WHAT TO WORK ON: Please give again, word for word, the line that contains "n x \<Longrightarrow>" and every line after it to the end of the data, with no other lines.

━━━ EXTRACTED ENTRIES

lemma cyc_regular_1: "cyc_regular n 1"
  using cyc_regular_Fract_1[of n 1] by (simp add: One_fract_def)

lemma cyc_regular_add:
  assumes "cyc_regular n x" and "cyc_regular n y"
  shows "cyc_regular n (x + y)"
proof -
  obtain p s p' s' where "s \<noteq> 0" "coprime s (cyclotomic n)" "x = Fract p s"
    and "s' \<noteq> 0" "coprime s' (cyclotomic n)" "y = Fract p' s'"
    using assms by (elim cyc_regularE)
  then show ?thesis
    unfolding cyc_regular_def by (intro exI[of _ "p * s' + p' * s"] exI[of _ "s * s'"]) simp
qed

lemma cyc_regular_mult:
  assumes "cyc_regular n x" and "cyc_regular n y"
  shows "cyc_regular n (x * y)"
proof -
  obtain p s p' s' where "s \<noteq> 0" "coprime s (cyclotomic n)" "x = Fract p s"
    and "s' \<noteq> 0" "coprime s' (cyclotomic n)" "y = Fract p' s'"
    using assms by (elim cyc_regularE)
  then show ?thesis
    unfolding cyc_regular_def by (intro exI[of _ "p * p'"] exI[of _ "s * s'"]) simp
qed

lemma cyc_regular_uminus: "cyc_regular n x \<Longrightarrow> cyc_regular n (- x)"
  by (elim cyc_regularE) (auto simp: cyc_regular_def)

lemma cyc_regular_qvar_power: "cyc_regular n (qvar ^ j)"
  by (simp add: qvar_power_Fract cyc_regular_Fract_1)

lemma cyc_regular_inverse_qvar: "cyc_regular n (inverse qvar)"
  unfolding cyc_regular_def qvar_def
  using coprime_x_power_cyclotomic[of 1 n] by (intro exI[of _ 1] exI[of _ "[:0, 1:]"]) simp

━━━━━━

FINISHED TASK:
lemma cyc_regular_uminus: "cyc_regular n x \<Longrightarrow> cyc_regular n (- x)"
  by (elim cyc_regularE) (auto simp: cyc_regular_def)

lemma cyc_regular_qvar_power: "cyc_regular n (qvar ^ j)"
  by (simp add: qvar_power_Fract cyc_regular_Fract_1)

lemma cyc_regular_inverse_qvar: "cyc_regular n (inverse qvar)"
  unfolding cyc_regular_def qvar_def
  using coprime_x_power_cyclotomic[of 1 n] by (intro exI[of _ 1] exI[of _ "[:0, 1:]"]) simp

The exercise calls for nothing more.